Here's my latest pen, a Rodium and BT Majestic RB in Irish Bog Oak.  I worked hard on the finish on this one and got a LOT of input from IAP members (THANKS!) on the CA/BLO finish.  I still see places to improve it but am pretty pleased with the final product.


----------



## ldb2000 (Sep 4, 2008)

Beautiful pen Tim . It really looks great in the IBO . The finish is great , CA/BLO is the hardest to master but well worth the time . Great photos also . The Majestic is my favorite pen , my everyday pen is a Majestic Jr in Lapis Tru-Stone .


----------



## desertyellow (Sep 4, 2008)

It is beautiful.
The only thing that could possibly make it better is a fountain pen conversion.


----------



## jttheclockman (Sep 4, 2008)

Nice job on that pen. That is one classy pen kit for sure and you did it proud.


----------



## Russianwolf (Sep 4, 2008)

That is an outstanding pen Tim. One of the things I love about Bog Oak is the texture in the wood. I think you've done a great job in showcasing it.


----------



## Rudy Vey (Sep 4, 2008)

Of all the wooden pens I make, IBO never gets finished with CA. I use Enduro or Unaxol on it, as someone already said, this wood has a great texture and i do not want to totally coat it in plastic. The water based finishes keep this texture.


----------



## PaulDoug (Sep 4, 2008)

Great looking pen, nice job


----------



## dntrost (Sep 4, 2008)

Very Nice!  looks great from here!


----------



## itsme_timd (Sep 4, 2008)

Thanks everyone, I appreciate the comments.

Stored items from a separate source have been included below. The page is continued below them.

(* Let $\delta>0$ and $\alpha\in(0,1)$ be fixed, and suppose the truncated kernel $\gamma_\alpha$ satisfies, for every $\boldsymbol{x}\in\Omega$, $$\int_\Omega \gamma_\alpha(\boldsymbol{x},\boldsymbol{y})\,d\boldsymbol{y}\le \frac{2}{\delta^2},\qquad \int_\Omega \gamma_\alpha(\boldsymbol{y},\boldsymbol{x})\,d\boldsymbol{y}\le K_1(\delta),\qquad \int_{\Omega_c}\frac{\gamma_\alpha(\boldsymbol{x},\boldsymbol{y})+\gamma_\alpha(\boldsymbol{y},\boldsymbol{x})}{2}\,d\boldsymbol{y}\ge K_2(\delta),$$ for some positive constants $K_1(\delta),K_2(\delta)$, and moreover $$\int_\Omega \frac{\gamma_\alpha(\boldsymbol{x},\boldsymbol{y})-\gamma_\alpha(\boldsymbol{y},\boldsymbol{x})}{2}\,d\boldsymbol{y}\ge 0\qquad\text{for all }\boldsymbol{x}\in\Omega.$$ Let $f\in L^2(\Omega)$. Then there exists a unique $u\in L^2_{n0}(\Omega)$ such that $\mathbf{B}(u,v)=\mathbf{F}(v)$ for all $v\in L^2_{n0}(\Omega)$ (the weak form of the nonlocal problem $-\mathcal{L}_{\delta,\alpha}u=f$ in $\Omega_s$, $u=0$ on $\Omega_c$), and this solution satisfies $$\|u\|_{L^2(\Omega)}\le \frac{2}{K_2(\delta)}\|f\|_{L^2(\Omega)}.$$
   Context: Let $d\ge 1$ and let $\Omega_s\subset\mathbb{R}^d$ be a bounded Lipschitz domain. Let $\mathbf{A}(\boldsymbol{x})=(a^{i,j}(\boldsymbol{x}))_{i,j=1}^d$ be a symmetric matrix-valued function on $\mathbb{R}^d$ with Lipschitz continuous entries that is uniformly elliptic: $\lambda|\boldsymbol{\xi}|^2\le \boldsymbol{\xi}^T\mathbf{A}(\boldsymbol{x})\boldsymbol{\xi}\le\Lambda|\boldsymbol{\xi}|^2$ for all $\boldsymbol{\xi},\boldsymbol{x}\in\mathbb{R}^d$, with constants $0<\lambda\le\Lambda$. Fix $\delta>0$ and $\alpha\in(0,1)$, and let $\chi^2_\alpha(d)$ denote the $(1-\alpha)$-quantile of the chi-square distribution with $d$ degrees of freedom. Define the kernel $$\gamma(\boldsymbol{x},\boldsymbol{y})=\frac{2}{\delta^2}\,\frac{1}{\sqrt{(2\pi)^d\det(\delta^2\mathbf{A}(\boldsymbol{x}))}}\exp\Big(-\frac{(\boldsymbol{y}-\boldsymbol{x})^T\mathbf{A}(\boldsymbol{x})^{-1}(\boldsymbol{y}-\boldsymbol{x})}{2\delta^2}\Big),$$ the truncated influence region $B_{\delta,\mathbf{A},\alpha}(\boldsymbol{x})=\{\boldsymbol{y}\in\mathbb{R}^d:(\boldsymbol{y}-\boldsymbol{x})^T\mathbf{A}(\boldsymbol{x})^{-1}(\boldsymbol{y}-\boldsymbol{x})\le\delta^2\chi^2_\alpha(d)\}$, and the truncated kernel $\gamma_\alpha(\boldsymbol{x},\boldsymbol{y})=\gamma(\boldsymbol{x},\boldsymbol{y})$ if $\boldsymbol{y}\in B_{\delta,\mathbf{A},\alpha}(\boldsymbol{x})$ and $\gamma_\alpha(\boldsymbol{x},\boldsymbol{y})=0$ otherwise. The interaction domain is $\Omega_c=\{\boldsymbol{y}\in\mathbb{R}^d\setminus\Omega_s:\exists\,\boldsymbol{x}\in\Omega_s,\ \boldsymbol{y}\in B_{\delta,\mathbf{A},\alpha}(\boldsymbol{x})\}$, and $\Omega=\Omega_s\cup\Omega_c$. The nonlocal operator is $\mathcal{L}_{\delta,\alpha}u(\boldsymbol{x})=\int_{\mathbb{R}^d}(u(\boldsymbol{y})-u(\boldsymbol{x}))\gamma_\alpha(\boldsymbol{x},\boldsymbol{y})\,d\boldsymbol{y}$. Let $L^2_{n0}(\Omega)=\{u\in L^2(\Omega): u=0 \text{ a.e. on }\Omega_c\}$, and define $$\mathbf{B}(u,v)=\int_\Omega\int_\Omega (u(\boldsymbol{x})-u(\boldsymbol{y}))v(\boldsymbol{x})\gamma_\alpha(\boldsymbol{x},\boldsymbol{y})\,d\boldsymbol{y}\,d\boldsymbol{x},\qquad \mathbf{F}(v)=\int_\Omega f(\boldsymbol{x})v(\boldsymbol{x})\,d\boldsymbol{x}.$$ *)

theory Defs
  imports "HOL-Analysis.Analysis"
begin
definition schwartz :: "(real \<Rightarrow> real) \<Rightarrow> bool" where
  "schwartz f \<longleftrightarrow>
     (\<forall>n x. ((deriv ^^ n) f) differentiable (at x)) \<and>
     (\<forall>k n. \<exists>C. \<forall>x. \<bar>x\<bar> ^ k * \<bar>(deriv ^^ n) f x\<bar> \<le> C)"

definition angle_dom :: "real set" where
  "angle_dom = {-pi/4..pi/4} - {0}"

definition cross_section :: "real \<Rightarrow> (real \<Rightarrow> real) \<Rightarrow> bool" where
  "cross_section s \<beta> \<longleftrightarrow>
     (\<forall>\<theta>\<in>angle_dom. \<beta> (-\<theta>) = \<beta> \<theta>) \<and>
     (\<lambda>\<theta>. indicator angle_dom \<theta> * \<beta> \<theta>) \<in> borel_measurable lebesgue \<and>
     (\<forall>\<theta>\<in>angle_dom. 0 \<le> \<beta> \<theta>) \<and>
     (\<forall>\<delta>>0. set_integrable lebesgue {\<theta>. \<delta> \<le> \<bar>\<theta>\<bar> \<and> \<bar>\<theta>\<bar> \<le> pi/4} \<beta>) \<and>
     (\<exists>c C \<delta>0. 0 < c \<and> 0 < C \<and> 0 < \<delta>0 \<and>
        (\<forall>\<theta>\<in>angle_dom. \<bar>\<theta>\<bar> < \<delta>0 \<longrightarrow>
            c * \<bar>\<theta>\<bar> powr (- 1 - 2 * s) \<le> \<beta> \<theta> \<and>
            \<beta> \<theta> \<le> C * \<bar>\<theta>\<bar> powr (- 1 - 2 * s)))"

definition even_part :: "(real \<Rightarrow> real) \<Rightarrow> real \<Rightarrow> real" where
  "even_part g v = (g v + g (-v)) / 2"

definition kac_K :: "(real \<Rightarrow> real) \<Rightarrow> (real \<Rightarrow> real) \<Rightarrow> (real \<Rightarrow> real) \<Rightarrow> real \<Rightarrow> real" where
  "kac_K \<beta> g f v =
     (LINT \<theta>:angle_dom|lebesgue. \<beta> \<theta> *
        (LINT vs|lebesgue.
            even_part g (v * sin \<theta> + vs * cos \<theta>) * f (v * cos \<theta> - vs * sin \<theta>)
          - even_part g vs * f v))"

end

theory Submission
  imports Defs "HOL-Probability.Sinc_Integral"
begin

(* With G the even part of g, the substitution y = v sin(theta) + v_* cos(theta)
   in the inner integral of K turns v' into (v - y sin theta) / cos theta, so
     K(g,f)(v) = collision_integral 1 f v
               = int_theta beta(theta) * incr_integral 1 f theta v,
     incr_integral m h theta v = int_y G(y) * incr m h theta v y,
     incr m h theta v y = h((v - y sin theta) / cos theta) / cos^m theta - h(v).
   A second order Taylor expansion in theta gives incr = -theta y h'(v) + R
   with |v|^k |R| <= D theta^2 (1 + |y|)^(k+2) for Schwartz h.  The first order
   term integrates to zero because G is even, hence
   |v|^k |incr_integral m h theta v| <= D' theta^2, and beta(theta) theta^2 is
   integrable because s < 1.  Differentiation in v gives
   (collision_integral m h)' = collision_integral (m+1) h', so all derivatives
   of K(g,f) are angular averages of the same kind and decay rapidly. *)

section \<open>Parametric integrals\<close>

lemma integral_tendsto_at_dominated:
  fixes F :: "real \<Rightarrow> 'a \<Rightarrow> real"
  assumes meas: "\<And>t. F t \<in> borel_measurable M" "L \<in> borel_measurable M"
    and w: "integrable M w"
    and lim: "\<And>x. x \<in> space M \<Longrightarrow> ((\<lambda>t. F t x) \<longlongrightarrow> L x) (at t0 within S)"
    and bnd: "\<And>t x. t \<in> S \<Longrightarrow> x \<in> space M \<Longrightarrow> \<bar>F t x\<bar> \<le> w x"
  shows "((\<lambda>t. integral\<^sup>L M (F t)) \<longlongrightarrow> integral\<^sup>L M L) (at t0 within S)"
  unfolding tendsto_at_iff_sequentially
proof (intro allI impI)
  fix X :: "nat \<Rightarrow> real"
  assume X: "\<forall>i. X i \<in> S - {t0}" "X \<longlonglongrightarrow> t0"
  show "((\<lambda>t. integral\<^sup>L M (F t)) \<circ> X) \<longlonglongrightarrow> integral\<^sup>L M L"
    unfolding comp_def
  proof (rule integral_dominated_convergence[where w=w])
    show "AE x in M. (\<lambda>i. F (X i) x) \<longlonglongrightarrow> L x"
    proof (rule AE_I2)
      fix x assume x: "x \<in> space M"
      have "((\<lambda>t. F t x) \<circ> X) \<longlonglongrightarrow> L x"
        using lim[OF x] X unfolding tendsto_at_iff_sequentially by blast
      then show "(\<lambda>i. F (X i) x) \<longlonglongrightarrow> L x" by (simp add: comp_def)
    qed
    show "AE x in M. norm (F (X i) x) \<le> w x" for i
      using bnd X(1) by (auto intro!: AE_I2)
  qed (use meas w in auto)
qed
lemma orthogonal_conj_diag_eq_if_map_eq:
  fixes P Q :: "real^'n^'n"
  assumes P: "orthogonal_matrix P" and Q: "orthogonal_matrix Q"
    and separates: "\<And>i j. f (a $ i) = f (b $ j) \<Longrightarrow> a $ i = b $ j"
    and eq: "P ** diag_mat (\<chi> i. f (a $ i)) ** transpose P
           = Q ** diag_mat (\<chi> i. f (b $ i)) ** transpose Q"
  shows "P ** diag_mat a ** transpose P = Q ** diag_mat b ** transpose Q"
proof -
  define R where "R = transpose P ** Q"
  have PR: "P ** R = Q"
    using P by (simp add: R_def matrix_mul_assoc orthogonal_matrix_def)
  have RQ: "R ** transpose Q = transpose P"
    using Q by (simp add: R_def orthogonal_matrix_def flip: matrix_mul_assoc)
  have "diag_mat (\<chi> i. f (a $ i)) ** R
      = transpose P ** (P ** diag_mat (\<chi> i. f (a $ i)) ** transpose P) ** Q"
    using P by (simp add: R_def matrix_mul_assoc orthogonal_matrix_def)
  also have "\<dots> = transpose P ** (Q ** diag_mat (\<chi> i. f (b $ i)) ** transpose Q) ** Q"
    by (simp only: eq)
  also have "\<dots> = R ** diag_mat (\<chi> i. f (b $ i))"
    using Q by (simp add: R_def orthogonal_matrix_def flip: matrix_mul_assoc)
  finally have intertwines_f:
    "diag_mat (\<chi> i. f (a $ i)) ** R = R ** diag_mat (\<chi> i. f (b $ i))" .
  have "f (a $ i) * R $ i $ j = R $ i $ j * f (b $ j)" for i j
    using arg_cong[OF intertwines_f, of "\<lambda>M. M $ i $ j"]
    by (simp add: diag_mat_mult_left_nth diag_mat_mult_right_nth)
  hence "R $ i $ j = 0 \<or> a $ i = b $ j" for i j
    using separates[of i j] by (auto simp: mult.commute)
  hence intertwines: "diag_mat a ** R = R ** diag_mat b"
    by (auto simp: vec_eq_iff diag_mat_mult_left_nth diag_mat_mult_right_nth mult.commute)
  have "P ** diag_mat a ** transpose P = P ** (diag_mat a ** R) ** transpose Q"
    by (simp add: RQ flip: matrix_mul_assoc)
  also have "\<dots> = P ** (R ** diag_mat b) ** transpose Q"
    by (simp only: intertwines)
  also have "\<dots> = Q ** diag_mat b ** transpose Q"
    by (simp add: PR matrix_mul_assoc)
  finally show ?thesis .
qed

section \<open>The spectral theorem for symmetric matrices\<close>

lemma linear_coeff_eq_0_if_quadratic_nonpos:
  fixes c d :: real
  assumes "\<And>s. 2 * s * c + s\<^sup>2 * d \<le> 0"
  shows "c = 0"
proof (rule ccontr)
  assume "c \<noteq> 0"
  define e where "e = \<bar>d\<bar> + 1"
  have "e > 0" by (simp add: e_def)
  define s where "s = c / e"
  have "2 * s * c + s\<^sup>2 * d = c\<^sup>2 * (2 * e + d) / e\<^sup>2"
    using \<open>e > 0\<close> by (simp add: s_def field_simps power2_eq_square)
  also have "\<dots> > 0"
    using \<open>c \<noteq> 0\<close> \<open>e > 0\<close> by (intro divide_pos_pos mult_pos_pos) (auto simp: e_def)
  finally show False using assms[of s] by simp
qed

lemma symmetric_matrix_eigenvector_in_invariant_subspace:
  fixes A :: "real^'n^'n"
  assumes sym: "transpose A = A" and S: "subspace S" and "x \<in> S" "x \<noteq> 0"
    and invariant: "\<And>y. y \<in> S \<Longrightarrow> A *v y \<in> S"
  obtains v l where "v \<in> S" "norm v = 1" "A *v v = l *\<^sub>R v"
proof -
  define f where "f y = y \<bullet> (A *v y)" for y
  define K where "K = sphere 0 1 \<inter> S"
  have "compact K"
    unfolding K_def using S by (intro compact_Int_closed closed_subspace) auto
  moreover have "x /\<^sub>R norm x \<in> K"
    unfolding K_def using assms by (auto simp: subspace_scale)
  moreover have "continuous_on K f"
    unfolding f_def by (intro continuous_intros linear_continuous_on matrix_vector_mul_linear)
  ultimately obtain v where "v \<in> K" and v_max: "\<And>y. y \<in> K \<Longrightarrow> f y \<le> f v"
    using continuous_attains_sup[of K f] by blast
  hence vS: "v \<in> S" and v1: "v \<bullet> v = 1" by (auto simp: K_def norm_eq_1)
  define l where "l = f v"
  have Rayleigh: "f y \<le> l * (y \<bullet> y)" if "y \<in> S" for y
  proof (cases "y = 0")
    case False
    have "y /\<^sub>R norm y \<in> K" unfolding K_def using that S False by (auto simp: subspace_scale)
    moreover have "f (y /\<^sub>R norm y) = f y / (norm y)\<^sup>2"
      by (simp add: f_def matrix_vector_mult_scaleR power2_eq_square field_simps)
    ultimately have "f y / (norm y)\<^sup>2 \<le> l"
      using v_max unfolding l_def by metis
    thus ?thesis using False by (simp add: divide_le_eq power2_norm_eq_inner mult.commute)
  qed (simp add: f_def)
  define u where "u = A *v v - l *\<^sub>R v"
  have uS: "u \<in> S"
    unfolding u_def using S invariant vS by (intro subspace_diff subspace_scale) auto
  have vAu: "v \<bullet> (A *v u) = u \<bullet> (A *v v)"
    using inner_symmetric_matrix_vector[OF sym, of v u] by (simp add: inner_commute)
  have uu: "u \<bullet> u = u \<bullet> (A *v v) - l * (u \<bullet> v)"
    by (simp add: u_def inner_diff_right)
  \<comment> \<open>Along the line v + s u the Rayleigh bound becomes a quadratic inequality in s whose
    linear coefficient is u \<bullet> u, so u = 0.\<close>
  have "2 * s * (u \<bullet> u) + s\<^sup>2 * (f u - l * (u \<bullet> u)) \<le> 0" for s
  proof -
    have "f (v + s *\<^sub>R u) \<le> l * ((v + s *\<^sub>R u) \<bullet> (v + s *\<^sub>R u))"
      using S vS uS by (intro Rayleigh subspace_add subspace_scale) auto
    thus ?thesis
      by (simp add: f_def l_def uu v1 vAu matrix_vector_right_distrib matrix_vector_mult_scaleR
          inner_add_left inner_add_right inner_commute power2_eq_square algebra_simps)
  qed
  hence "u \<bullet> u = 0" by (rule linear_coeff_eq_0_if_quadratic_nonpos)
  hence "A *v v = l *\<^sub>R v" by (simp add: u_def)
  thus thesis using that vS v1 by (simp add: norm_eq_1)
qed

definition orthonormal_eigenset :: "real^'n^'n \<Rightarrow> (real^'n) set \<Rightarrow> bool" where
  "orthonormal_eigenset A B \<longleftrightarrow>
     pairwise orthogonal B \<and> (\<forall>b\<in>B. norm b = 1 \<and> (\<exists>l. A *v b = l *\<^sub>R b))"

lemma orthonormal_eigenset_independent: "orthonormal_eigenset A B \<Longrightarrow> independent B"
  unfolding orthonormal_eigenset_def by (intro pairwise_orthogonal_independent) auto

lemma orthonormal_eigenset_card_le:
  assumes "orthonormal_eigenset A (B :: (real^'n) set)"
  shows "finite B" "card B \<le> CARD('n)"
  using independent_bound[OF orthonormal_eigenset_independent[OF assms]] by simp_all

lemma orthonormal_eigenset_extend:
  fixes A :: "real^'n^'n"
  assumes sym: "transpose A = A" and B: "orthonormal_eigenset A B" and "card B < CARD('n)"
  obtains v where "v \<notin> B" "orthonormal_eigenset A (insert v B)"
proof -
  define S where "S = {z. \<forall>b\<in>B. b \<bullet> z = 0}"
  have "subspace S" unfolding S_def subspace_def by (auto simp: inner_add_right)
  have "dim B < DIM(real^'n)"
    using \<open>card B < CARD('n)\<close> orthonormal_eigenset_independent[OF B]
    by (simp add: dim_eq_card_independent)
  then obtain x where "x \<noteq> 0" and "\<And>y. y \<in> span B \<Longrightarrow> orthogonal x y"
    using orthogonal_to_subspace_exists by blast
  hence "x \<in> S" unfolding S_def by (auto simp: orthogonal_def inner_commute span_base)
  have "A *v z \<in> S" if "z \<in> S" for z
  proof -
    have "b \<bullet> (A *v z) = 0" if "b \<in> B" for b
    proof -
      obtain l where "A *v b = l *\<^sub>R b"
        using B \<open>b \<in> B\<close> by (auto simp: orthonormal_eigenset_def)
      hence "b \<bullet> (A *v z) = l * (b \<bullet> z)"
        by (simp add: inner_symmetric_matrix_vector[OF sym])
      thus ?thesis using \<open>z \<in> S\<close> \<open>b \<in> B\<close> by (simp add: S_def)
    qed
    thus ?thesis by (simp add: S_def)
  qed
  then obtain v l where "v \<in> S" "norm v = 1" "A *v v = l *\<^sub>R v"
    using symmetric_matrix_eigenvector_in_invariant_subspace[OF sym \<open>subspace S\<close> \<open>x \<in> S\<close>]
      \<open>x \<noteq> 0\<close> by blast
  show thesis
  proof
    show "v \<notin> B" using \<open>v \<in> S\<close> \<open>norm v = 1\<close> by (auto simp: S_def norm_eq_1)
    show "orthonormal_eigenset A (insert v B)"
      using B \<open>v \<in> S\<close> \<open>norm v = 1\<close> \<open>A *v v = l *\<^sub>R v\<close>
      by (auto simp: orthonormal_eigenset_def pairwise_insert S_def orthogonal_def inner_commute)
  qed
qed
lemma mult_m_oscillation_bound:
  assumes "2 \<le> n" "(1 - real n) / 2 < Re \<alpha>"
  shows "\<exists>C. \<forall>lam t. 0 < t \<and> t \<le> 1 \<and> 1 \<le> \<bar>lam\<bar> * t \<longrightarrow>
           norm (mult_m n \<alpha> t lam) \<le> C * (\<bar>lam\<bar> * t) powr (- (Re \<alpha> + (real n - 1) / 2))"
proof -
  define \<beta> where "\<beta> = mehler_exponent n \<alpha>"
  define b where "b = Re \<beta>"
  have b: "-1 < b" using Re_mehler_exponent_gt[OF assms(2)] by (simp add: b_def \<beta>_def)
  have exponent: "b + 1 = Re \<alpha> + (real n - 1) / 2"
    by (simp add: b_def \<beta>_def Re_mehler_exponent field_simps)
  obtain D where D: "\<And>t l. 0 < t \<Longrightarrow> t \<le> 1 \<Longrightarrow> 1 \<le> \<bar>l\<bar> * t \<Longrightarrow>
      norm (mehler_integral \<beta> t l) \<le> D * t powr b * \<bar>l\<bar> powr (- (b + 1))"
    using mehler_integral_oscillation_bound[of \<beta>] b unfolding b_def by blast
  define C where "C = prefactor_const n \<alpha> * 2 powr \<bar>1 + 2 * b\<bar> * D"
  have "norm (mult_m n \<alpha> t lam) \<le> C * (\<bar>lam\<bar> * t) powr (- (b + 1))"
    if t: "0 < t" "t \<le> 1" and l: "1 \<le> \<bar>lam\<bar> * t" for t lam
  proof -
    have "norm (mult_m n \<alpha> t lam)
          \<le> prefactor_const n \<alpha> * (2 powr \<bar>1 + 2 * b\<bar> * t powr (- 1 - 2 * b))
              * (D * t powr b * \<bar>lam\<bar> powr (- (b + 1)))"
      unfolding norm_mult_m[OF t(1)] \<beta>_def[symmetric] b_def[symmetric]
    proof (rule mult_mono[OF _ D[OF t l]])
      show "prefactor_const n \<alpha> * prefactor_weight b (real n) t
            \<le> prefactor_const n \<alpha> * (2 powr \<bar>1 + 2 * b\<bar> * t powr (- 1 - 2 * b))"
        using prefactor_weight_le_small[OF t, of "real n" b] assms prefactor_const_nonneg
        by (intro mult_left_mono) auto
    qed (use prefactor_const_nonneg in auto)
    also have "\<dots> = C * ((t powr (- 1 - 2 * b) * t powr b) * \<bar>lam\<bar> powr (- (b + 1)))"
      by (simp add: C_def mult_ac)
    also have "t powr (- 1 - 2 * b) * t powr b = t powr (- (b + 1))" by (simp flip: powr_add)
    also have "t powr (- (b + 1)) * \<bar>lam\<bar> powr (- (b + 1)) = (\<bar>lam\<bar> * t) powr (- (b + 1))"
      by (simp add: powr_mult mult.commute)
    finally show ?thesis .
  qed
  thus ?thesis unfolding exponent by blast
qed

theorem lemma2p1:
  fixes n :: nat and \<alpha> :: complex
  assumes "n \<ge> 2" and "Re \<alpha> > (1 - real n) / 2"
  shows "\<exists>C>0.
     (\<forall>lam t. t > 0 \<longrightarrow> norm (mult_m n \<alpha> t lam) \<le> C * (1 + t) * exp (- ((real n - 1) / 2) * t))
   \<and> (\<forall>lam t. 0 < t \<and> t \<le> 1 \<longrightarrow>
         (\<lambda>l. mult_m n \<alpha> t l) differentiable (at lam)
       \<and> norm (vector_derivative (\<lambda>l. mult_m n \<alpha> t l) (at lam)) \<le> C * t)
   \<and> (\<forall>lam t. 0 < t \<and> t \<le> 1 \<and> \<bar>lam\<bar> * t \<ge> 1 \<longrightarrow>
         norm (mult_m n \<alpha> t lam) \<le> C * (\<bar>lam\<bar> * t) powr (- (Re \<alpha> + (real n - 1) / 2)))"
proof -
  obtain C1 where C1: "\<And>lam t. 0 < t \<Longrightarrow>
      norm (mult_m n \<alpha> t lam) \<le> C1 * ((1 + t) * exp (- ((real n - 1) / 2) * t))"
    using mult_m_uniform_bound[OF assms] by blast
  obtain C2 where C2: "\<And>lam t. 0 < t \<and> t \<le> 1 \<Longrightarrow> norm (vector_derivative (mult_m n \<alpha> t) (at lam)) \<le> C2 * t"
    using mult_m_derivative_bound[OF assms] by blast
  obtain C3 where C3: "\<And>lam t. 0 < t \<and> t \<le> 1 \<and> 1 \<le> \<bar>lam\<bar> * t \<Longrightarrow>
      norm (mult_m n \<alpha> t lam) \<le> C3 * (\<bar>lam\<bar> * t) powr (- (Re \<alpha> + (real n - 1) / 2))"
    using mult_m_oscillation_bound[OF assms] by blast
  define C where "C = max 1 (max C1 (max C2 C3))"
  have C: "0 < C" "C1 \<le> C" "C2 \<le> C" "C3 \<le> C" by (auto simp: C_def)
  show ?thesis
  proof (intro exI[of _ C] conjI allI impI C(1))
    fix lam t :: real
    show "norm (mult_m n \<alpha> t lam) \<le> C * (1 + t) * exp (- ((real n - 1) / 2) * t)" if "t > 0"
      using le_mult_const_mono[OF C1[OF that] C(2)] that by (simp add: mult.assoc)
    show "(\<lambda>l. mult_m n \<alpha> t l) differentiable (at lam)" if "0 < t \<and> t \<le> 1"
      using mult_m_has_vector_derivative[OF _ assms(2)] that by (blast intro: differentiableI_vector)
    show "norm (vector_derivative (\<lambda>l. mult_m n \<alpha> t l) (at lam)) \<le> C * t" if "0 < t \<and> t \<le> 1"
      using le_mult_const_mono[OF C2[OF that] C(3)] that by simp
    show "norm (mult_m n \<alpha> t lam) \<le> C * (\<bar>lam\<bar> * t) powr (- (Re \<alpha> + (real n - 1) / 2))"
      if "0 < t \<and> t \<le> 1 \<and> \<bar>lam\<bar> * t \<ge> 1"
      using le_mult_const_mono[OF C3[OF that] C(4)] by simp
  qed
qed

I do have a personal preference for the CA/BLO type finish on all woods. You can still see the distinct grain of the IBO but it has the smooth and slick feel that I like.

The pictures don't showcase the contrast in the grain very well at all.


----------



## Ligget (Sep 4, 2008)

That is simply stunning!


----------



## Bear_Knuckle_Turner (Sep 4, 2008)

Very very beautiful work!  I've been searching for some IBO.....to no avail yet.  

Again, outstanding work!


----------



## papaturner (Sep 4, 2008)

Beautiful pen.


----------



## toolcrazy (Sep 4, 2008)

Very nice. Good work.


----------



## altaciii (Sep 4, 2008)

I have the kit, and have been waiting for the right wood to use.  That pen really looks good and I have some IBO on order.  Can't wait to try it.  I can only hope it comes out as nice as yours.  Beautiful work, good job.


----------